Data records Start Marker
lemma scheme_entropy_answer_le:
  fixes \<alpha> :: "nat \<Rightarrow> 'a::{finite,field}"
  assumes "D \<le> K"
  shows "entropy_pmf (map_pmf (\<lambda>(W, V, R, X). scheme_answer \<alpha> K D L (scheme_query \<alpha> D L W V R) X)
      (omega_II K D L 1 \<rho>)) \<le> ennreal (real (K - D + L) * log 2 (real CARD('a)))"
proof -
  let ?A = "map_pmf (\<lambda>(W, V, R, X). scheme_answer \<alpha> K D L (scheme_query \<alpha> D L W V R) X)
      (omega_II K D L 1 \<rho>)"
  define T where "T = to_nat_on (mats (K - D + L) 1) ` (mats (K - D + L) 1 :: (nat \<Rightarrow> nat \<Rightarrow> 'a) set)"
  have "finite T" unfolding T_def by (simp add: finite_mats)
  moreover have "set_pmf ?A \<subseteq> T"
  proof
    fix b assume "b \<in> set_pmf ?A"
    then obtain W V R X where "b = scheme_answer \<alpha> K D L (scheme_query \<alpha> D L W V R) X" by auto
    then show "b \<in> T" unfolding T_def scheme_answer_def using answer_matrix_mats[OF assms] by blast
  qed
  ultimately have "entropy_pmf ?A \<le> ennreal (log 2 (real (card T)))"
    by (rule entropy_pmf_le_log_card)
  also have "log 2 (real (card T)) \<le> log 2 (real (CARD('a) ^ (K - D + L)))"
  proof -
    have "card T \<le> CARD('a) ^ (K - D + L)"
      unfolding T_def using card_image_le[OF finite_mats] card_mats[where 'a='a] by (metis
          mult_1_right)
    moreover have "card T \<noteq> 0" using \<open>finite T\<close> \<open>set_pmf ?A \<subseteq> T\<close> set_pmf_not_empty[of ?A] by auto
    ultimately show ?thesis by simp
  qed
  also have "log 2 (real (CARD('a) ^ (K - D + L))) = real (K - D + L) * log 2 (real CARD('a))"
    using card_field_ge_2[where 'a='a] by (simp add: log_nat_power)
  finally show ?thesis by (simp add: ennreal_leI)
qed

lemma scheme_rate:
  fixes \<alpha> :: "nat \<Rightarrow> 'a::{finite,field}"
  assumes "inj_on \<alpha> {0..<K}" "1 \<le> L" "L \<le> D" "D \<le> K"
  shows "JPLT_II_rate K D L 1 \<rho> (scheme_query \<alpha> D L) (scheme_answer \<alpha> K D L)
    = ennreal (real L / real (K - D + L))"
proof -
  have lq: "0 < log 2 (real CARD('a))" using card_field_ge_2[where 'a='a] by simp
  have "entropy_pmf (map_pmf (\<lambda>(W, V, R, X). scheme_answer \<alpha> K D L (scheme_query \<alpha> D L W V R) X)
      (omega_II K D L 1 \<rho>)) = ennreal (real (K - D + L) * log 2 (real CARD('a)))"
  proof (rule antisym)
    show "ennreal (real (K - D + L) * log 2 (real CARD('a)))
      \<le> entropy_pmf (map_pmf (\<lambda>(W, V, R, X). scheme_answer \<alpha> K D L (scheme_query \<alpha> D L W V R) X)
        (omega_II K D L 1 \<rho>))"
      using JPLT_II_entropy_answer_ge[OF assms(2-4) scheme_JPLT_II_protocol[OF assms(1,3,4)]]
      by (simp only: mult_1_right)
  qed (rule scheme_entropy_answer_le[OF assms(4)])
  then show ?thesis
    unfolding JPLT_II_rate_def using lq assms(2) by (simp add: divide_ennreal less_imp_neq[OF lq,
        symmetric])
qed
locale resolution = cpx_End \<iota> n P
  for \<iota> :: "'k::field \<Rightarrow> 'g::ring_1" and n :: nat and P :: "nat \<Rightarrow> ('m, 'g) rmod" +
  fixes d :: "nat \<Rightarrow> 'm \<Rightarrow> 'm" and M :: "('m, 'g) rmod" and \<alpha> \<beta> :: "'m \<Rightarrow> 'm"
  assumes n_pos: "1 \<le> n"
    and right_module_M: "right_module M"
    and right_module_P: "i < n \<Longrightarrow> right_module (P i)"
    and d_hom: "1 \<le> i \<Longrightarrow> i < n \<Longrightarrow> module_hom (P i) (P (i - 1)) (d i)"
    and \<alpha>_hom: "module_hom (P 0) M \<alpha>"
    and \<beta>_hom: "module_hom M (P (n - 1)) \<beta>"
    and exact: "exact_seq n P d M \<alpha> \<beta>"
begin

abbreviation D :: "int \<Rightarrow> 'm \<Rightarrow> 'm" where "D \<equiv> dPe n P d \<alpha> \<beta>"
abbreviation \<sigma> :: "int \<Rightarrow> 'm \<Rightarrow> 'm" where "\<sigma> \<equiv> sigmaE n P"

lemma cpx_neg: "C (- int N) = P (N mod n)"
  by (simp add: cpx_def)

lemma dP_nonneg: "0 \<le> j \<Longrightarrow> dP n P d \<alpha> \<beta> j x = mzero (C (j + 1))"
  by (simp add: dP_def)

lemma exact_comp_zero:
  assumes "i < n" "y \<in> mcar (if i = n - 1 then M else P (i + 1))"
  shows "(if i = 0 then \<alpha> else d i) ((if i = n - 1 then \<beta> else d (i + 1)) y)
       = mzero (if i = 0 then M else P (i - 1))"
  using exact assms unfolding exact_seq_def by blast

lemma d_d:
  assumes "1 \<le> i" "i + 1 < n" "x \<in> mcar (P (i + 1))"
  shows "d i (d (i + 1) x) = mzero (P (i - 1))"
proof -
  have "i \<noteq> 0" "i \<noteq> n - 1"
    using assms by auto
  then show ?thesis
    using exact_comp_zero[of i x] assms by simp
qed

lemma \<alpha>_d: "2 \<le> n \<Longrightarrow> x \<in> mcar (P 1) \<Longrightarrow> \<alpha> (d 1 x) = mzero M"
  using exact_comp_zero[of 0 x] by simp

lemma d_\<beta>: "2 \<le> n \<Longrightarrow> y \<in> mcar M \<Longrightarrow> d (n - 1) (\<beta> y) = mzero (P (n - 2))"
  using exact_comp_zero[of "n - 1" y] by (simp add: numeral_2_eq_2 diff_diff_add)

lemma \<alpha>_\<beta>: "n = 1 \<Longrightarrow> y \<in> mcar M \<Longrightarrow> \<alpha> (\<beta> y) = mzero M"
  using exact_comp_zero[of 0 y] by simp

(* The paper's d_0 = beta o alpha: the resolution repeats P_(n-1) -> ... -> P_0 -> P_(n-1) with
   period n. *)

definition d_cyc :: "nat \<Rightarrow> 'm \<Rightarrow> 'm" where
  "d_cyc i = (if i = 0 then (\<lambda>x. \<beta> (\<alpha> x)) else d i)"

lemma dP_neg:
  "dP n P d \<alpha> \<beta> (- int (Suc N)) x = gsign (mneg (P (N mod n))) (int (n * (N div n))) (d_cyc (Suc N mod n) x)"
proof -
  have N: "nat (- (- int (Suc N))) = Suc N" "- int (Suc N) \<le> -1"
    by simp_all
  show ?thesis
  proof (cases "Suc (N mod n) = n")
    case True
    then have "N mod n = n - 1"
      by simp
    with True N show ?thesis
      by (simp add: dP_def mod_Suc div_Suc sgn_app_eq_gsign d_cyc_def mult.commute del: of_nat_Suc)
  next
    case False
    with N show ?thesis
      by (simp add: dP_def mod_Suc div_Suc sgn_app_eq_gsign d_cyc_def mult.commute del: of_nat_Suc)
  qed
qed

lemma d_cyc_hom: "module_hom (P (Suc N mod n)) (P (N mod n)) (d_cyc (Suc N mod n))"
proof (cases "Suc (N mod n) = n")
  case True
  then have "Suc N mod n = 0" "N mod n = n - 1"
    by (simp_all add: mod_Suc)
  then show ?thesis
    using module_hom_comp[OF \<alpha>_hom \<beta>_hom] by (simp add: d_cyc_def)
next
  case False
  moreover have "N mod n < n"
    using n_pos by simp
  ultimately have "Suc N mod n = Suc (N mod n)" "Suc (N mod n) < n"
    by (simp_all add: mod_Suc)
  then show ?thesis
    using d_hom[of "Suc (N mod n)"] by (simp add: d_cyc_def)
qed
Data records End Marker
§ What this task involves
In the data above, which lines lie between the line with "then obtain W" and the line with "by (rule entropy_pmf_le_log_card)", inclusive? Print those lines exactly and nothing else.

§ Answer section
    then obtain W V R X where "b = scheme_answer \<alpha> K D L (scheme_query \<alpha> D L W V R) X" by auto
    then show "b \<in> T" unfolding T_def scheme_answer_def using answer_matrix_mats[OF assms] by blast
  qed
  ultimately have "entropy_pmf ?A \<le> ennreal (log 2 (real (card T)))"
    by (rule entropy_pmf_le_log_card)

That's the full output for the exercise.